Cooling of filaments or continuous strips, paper production, metallic plate cooling placed in cooling bath, glass blowing, artificial fibers, wire drawing and extrusion of rubber sheets are some practical applications of fluid flow passing through stretching surfaces. Polymer industry plays a major role in the process of molten polymers manufacturing with the help of slit die for the production of plastic or fiber sheet. Such materials travelled between wind-up and feed roll or through conveyor-belts describing the behavior of stretched surfaces.^[1] The mechanical characteristics of the product strictly depend on the heat transfer rate through stretching surfaces. Boundary layer approximation is used for the solutions and hence not comprises the exact solution of Navier-Stokes equation.^[2–3] However Crane^[4] presented a similarity solution in closed and exact form for viscous fluid owing to a linear stretching surface. Many researchers extended the Craneʼs idea by including different physical features like injection/suction, magnetic field, analysis of heat transfer etc. The combined influence of mass and heat transport analysis was presented by Gupta and Gupta^[5] over porous stretched surface considering the injection/suction cases. Wang^[6] investigated viscous flow through a stretched surface in view of suction and surface slip. The flow analysis of micropolar fluid past through stretching/shrinking surface was analyzed by Zheng et al.^[7] Unsteady boundary layer viscous fluid problem corresponding to a stretching sheet was discussed by Rashidi and Pour.^[8] Sheikholeslami et al.^[9] reported the flow problem of nanofluid past stretched wall. Many researchers investigated different flow models along flat surfaces.^[10–14]

The flows embedded in porous medium generated a remarkable interest between the scientists owing to their wide practical applications in industry such as geothermal systems, porous insulation, packed beds, fossil fuels, extraction of crude oils, food storage, petroleum technology and disposal of waste materials etc.^[15–17] Different models like Darcy and Brinkman, and Darcy-Forchheimer-extended was presented in literature to explain physical and mathematical features in the porous medium. Researchers are curious to study the models related to porous media. Such models are developed in view of Darcyʼs law in which pressure gradient is in direct relationship with volume average velocity. Darcyʼs formula is capable for slower velocity and lesser porosity while excluding the influence of thermal dispersion, inertia forces, variable porosity and solid boundary. The addition of non-Darcian impacts is very essential in the analysis of porous medium in order to achieve the desired accurate results. Such impacts are introduced by Forchheimer^[18] with the addition of the term named square velocity in the term of Darcian-velocity. After that Muskat^[19] named such term as “Forchheimer term” which is applicable for high Reynolds number. Seddek^[20] reported the analysis of thermophoretic velocity effect in Darcy-Forchheimer porous space by considering the convective flow of viscous liquid. Pal and Mandal^[21] considered the convective diffusion in hydromagnetic viscous fluid flow in a non-Darcy porous space under the aspects of heat sink/source. Gireesha et al.^[22] addressed the numerical modeling of boundary layer liquid through non-Darcian effects.

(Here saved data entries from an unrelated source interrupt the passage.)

lemma components_closed:
  assumes "symp E" and "K \<in> components U E" and "a \<in> K" and "b \<in> U" and "E a b"
  shows "b \<in> K"
proof -
  have "a \<in> U" using assms(2,3) components_subset by blast
  with assms(4,5) have "induced E U a b" by (simp add: induced_def)
  then show ?thesis
    using components_mem_eq[OF assms(1-3)] by (simp add: component_def)
qed

lemma components_induced: "U \<subseteq> W \<Longrightarrow> components U (induced E W) = components U E"
  by (simp add: components_def induced_induced)

lemma rtranclp_induced_closed:
  assumes "(induced E U)\<^sup>*\<^sup>* a b" and "a \<in> K" and "K \<subseteq> U"
    and "\<And>p q. p \<in> K \<Longrightarrow> q \<in> U \<Longrightarrow> E p q \<Longrightarrow> q \<in> K"
  shows "(induced E K)\<^sup>*\<^sup>* a b \<and> b \<in> K"
  using assms(1)
proof (induction rule: rtranclp_induct)
  case (step p q)
  then have "p \<in> K" "q \<in> U" "E p q" by (auto simp: induced_def)
  then have "q \<in> K" using assms(4) by blast
  with \<open>p \<in> K\<close> \<open>E p q\<close> have "induced E K p q" by (simp add: induced_def)
  with step.IH \<open>q \<in> K\<close> show ?case by (meson rtranclp.rtrancl_into_rtrancl)
qed (simp add: assms(2))

lemma components_connected:
  assumes "symp E" and "K \<in> components U E"
  shows "connected_on E K"
  unfolding connected_on_def
proof (intro ballI)
  fix a b assume "a \<in> K" "b \<in> K"
  then have "(induced E U)\<^sup>*\<^sup>* a b"
    using components_mem_eq[OF assms \<open>a \<in> K\<close>] by (simp add: component_def)
  then show "(induced E K)\<^sup>*\<^sup>* a b"
    using rtranclp_induced_closed[OF _ \<open>a \<in> K\<close> components_subset[OF assms(2)]]
      components_closed[OF assms] by blast
qed

lemma connected_on_cong: "induced E' D = induced E D \<Longrightarrow> connected_on E' D = connected_on E D"
  by (simp add: connected_on_def)
(* Let $T$ be a $(2n-1)$-universal tree. Let $T'$ be any binary rooted tree with $n$ leaves and no degree-1 nodes, and let $c:\mathsf{inner}(T')\to\{0,1\}$ be any assignment. Then there is an injective map $f$ from the nodes of $T'$ to the nodes of $T$ with the following properties: - $f(\mathsf{NCA}(u,v))=\mathsf{NCA}(f(u),f(v))$ for all $u,v$; - every inner node $v$ with $c(v)=0$ is mapped to a node of even depth; - every inner node $v$ with $c(v)=1$ is mapped to a node of odd depth. That is, $T$ is a parity-constrained minor-universal tree for binary trees with $n$ leaves and no degree-1 nodes.
   Context: Trees are rooted; depth is the distance from the root (the root has depth 0); degree is the number of children; $\mathsf{inner}(T')$ is the set of non-leaf nodes of $T'$. $\mathsf{NCA}$ denotes the nearest common ancestor. Cutting: select nodes $a,b$ with $a$ a child of $b$, and remove the subtree rooted at $a$ together with the edge $ab$. Contraction: select an internal node $b$ with parent $a$ and exactly one child $c$, and remove $b$. If $c$ is internal, the children of $c$ become children of $a$ and $c$ is removed. If $c$ is a leaf, it becomes a child of $a$. $T$ implements $T'$ if $T'$ can be obtained (up to isomorphism) from $T$ by a sequence of these operations. $T$ is $m$-universal if it implements every rooted tree with at most $m$ leaves and no degree-1 nodes. *)

theory Defs
  imports Main
begin

text \<open>Finite rooted trees; children are kept in a list, but trees are only
compared up to isomorphism (arbitrary reordering of children).
Nodes are addressed by positions: lists of child indices from the root.\<close>

datatype rtree = Nd "rtree list"

fun kids :: "rtree \<Rightarrow> rtree list" where
  "kids (Nd ts) = ts"

fun valid :: "rtree \<Rightarrow> nat list \<Rightarrow> bool" where
  "valid t [] = True"
| "valid (Nd ts) (i # p) = (i < length ts \<and> valid (ts ! i) p)"

definition pos :: "rtree \<Rightarrow> nat list set" where
  "pos t = {p. valid t p}"

fun subt :: "rtree \<Rightarrow> nat list \<Rightarrow> rtree" where
  "subt t [] = t"
| "subt (Nd ts) (i # p) = (if i < length ts then subt (ts ! i) p else Nd [])"

definition depth :: "nat list \<Rightarrow> nat" where
  "depth p = length p"

definition degree :: "rtree \<Rightarrow> nat list \<Rightarrow> nat" where
  "degree t p = length (kids (subt t p))"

In all the work cited above authors considered flow models over flat surfaces. Cartesian co-ordinates are implemented for the modeling of the problem. Fluid passed through curved moving surfaces has practical implications in stretch-forming machines owing to curve jaws. A numerical problem of viscous fluid by curved stretched surface was first discussed by Sajid et al.^[23] Curvilinear co-ordinates were utilized for the governing equations. Later Sajid et al.^[24] extended his work to the flow of micropolar fluid through curved sheet. The results show that pressure can not be neglected within the boundary layer in contrast with the flat stretching surface. The same problem was modified by Naveed et al.^[25] by considering the phenomenon of heat transportation. Naveed et al.^[26] reported the unsteady hydromagnetic flow of viscous fluid through a curved surface. Buongiorno model was implemented to find the numerical solution of curved sheet problem by Naveed et al.^[27] Rosca and Pop^[28] studied flow of unsteady viscous fluid by curved stretching/shrinking sheet. Imtiaz et al.^[29] analyzed analytically unsteady hydromagnetic viscous fluid through curved sheet. A numerical problem of viscous fluid owing to non-linear stretched curved sheet was constructed by Sanni et al.^[30] Abbas et al.^[31] reported the flow model of viscous liquid.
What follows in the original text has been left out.